lemma achievable_if_DeltaPow_dominated:
  assumes c: "0 \<le> c" and lim: "b \<longlonglongrightarrow> 0"
    and dom: "\<forall>\<^sub>F k in sequentially. 0 \<le> DeltaPow T d1 d2 k (nat \<lfloor>2 powr (c * real k)\<rfloor>) \<and>
        DeltaPow T d1 d2 k (nat \<lfloor>2 powr (c * real k)\<rfloor>) \<le> b k"
  shows "achievable T d1 d2 c"
proof -
  have "\<forall>\<^sub>F k in sequentially. 0 \<le> DeltaPow T d1 d2 k (nat \<lfloor>2 powr (c * real k)\<rfloor>)"
    and "\<forall>\<^sub>F k in sequentially. DeltaPow T d1 d2 k (nat \<lfloor>2 powr (c * real k)\<rfloor>) \<le> b k"
    using dom by (simp_all add: eventually_conj_iff)
  from tendsto_sandwich[OF this tendsto_const lim] show ?thesis
    using c by (simp add: achievable_def)
qed

theorem lemma1:
  fixes T :: "complex mat \<Rightarrow> complex mat" and d1 d2 :: nat
    and n :: "nat \<Rightarrow> nat" and M :: "nat \<Rightarrow> nat"
  assumes "d1 > 0" and "d2 > 0"
    and "channel T d1 d2"
    and "strict_mono n" and "\<forall>a. n a > 0"
    and "(\<lambda>a. real (n (Suc a)) / real (n a)) \<longlonglongrightarrow> 1"
    and "\<forall>a. M a > 0"
    and "(\<lambda>a. DeltaPow T d1 d2 (n a) (M a)) \<longlonglongrightarrow> 0"
  shows "(\<forall>c\<ge>0. ereal c < liminf (\<lambda>a. ereal (log 2 (real (M a)) / real (n a)))
            \<longrightarrow> achievable T d1 d2 c)
       \<and> (\<forall>\<mu> lam. \<mu> \<ge> 0 \<and> lam \<ge> 0 \<and>
            (\<forall>a. DeltaPow T d1 d2 (n a) (M a) \<le> \<mu> * exp (- lam * real (n a))) \<longrightarrow>
            (\<forall>c\<ge>0. ereal c < liminf (\<lambda>a. ereal (log 2 (real (M a)) / real (n a))) \<longrightarrow>
               liminf (\<lambda>k. neglog_rate k (DeltaPow T d1 d2 k (nat \<lfloor>2 powr (c * real k)\<rfloor>)))
                 \<ge> ereal lam))"
proof -
  define \<alpha> where "\<alpha> = index_below n"
  define P where "P c k = DeltaPow T d1 d2 k (nat \<lfloor>2 powr (c * real k)\<rfloor>)" for c k
  have bound: "\<forall>\<^sub>F k in sequentially. 0 \<le> P c k \<and> P c k \<le> DeltaPow T d1 d2 (n (\<alpha> k)) (M (\<alpha> k))"
    if "0 \<le> c" "ereal c < liminf (\<lambda>a. ereal (log 2 (real (M a)) / real (n a)))" for c
    unfolding P_def \<alpha>_def by (rule eventually_DeltaPow_le_index_below[OF assms(3,1,2,4-7) that])
  have "(\<lambda>k. DeltaPow T d1 d2 (n (\<alpha> k)) (M (\<alpha> k))) \<longlonglongrightarrow> 0"
    unfolding \<alpha>_def using assms(8) by (rule filterlim_compose[OF _ filterlim_index_below[OF assms(4)]])
  then have "achievable T d1 d2 c"
    if "0 \<le> c" "ereal c < liminf (\<lambda>a. ereal (log 2 (real (M a)) / real (n a)))" for c
    using bound[OF that] that(1) unfolding P_def by (intro achievable_if_DeltaPow_dominated)
  moreover have "ereal lam \<le> liminf (\<lambda>k. neglog_rate k (P c k))"
    if exp_bound: "\<forall>a. DeltaPow T d1 d2 (n a) (M a) \<le> \<mu> * exp (- lam * real (n a))"
      and c: "0 \<le> c" "ereal c < liminf (\<lambda>a. ereal (log 2 (real (M a)) / real (n a)))" for \<mu> lam c
  proof (rule liminf_neglog_rate_ge)
    show "\<forall>\<^sub>F k in sequentially. 0 \<le> P c k \<and> P c k \<le> \<mu> * exp (- lam * real (n (\<alpha> k)))"
      using bound[OF c]
    proof eventually_elim
      case (elim k)
      then show ?case using exp_bound[rule_format, of "\<alpha> k"] by linarith
    qed
    show "(\<lambda>k. real (n (\<alpha> k)) / real k) \<longlonglongrightarrow> 1"
      unfolding \<alpha>_def using assms(4-6) by (rule index_below_ratio)
  qed
  ultimately show ?thesis unfolding P_def by auto
qed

○ ○ ○ ○ ○ ○ ○

● Task objective
Would you please write out, exactly and with no other lines, the stretch of the listing above from the line containing "using bound[OF c]" through the line containing "(\<alpha> k)) /"?

● Response to this exercise
      using bound[OF c]
    proof eventually_elim
      case (elim k)
      then show ?case using exp_bound[rule_format, of "\<alpha> k"] by linarith
    qed
    show "(\<lambda>k. real (n (\<alpha> k)) / real k) \<longlonglongrightarrow> 1"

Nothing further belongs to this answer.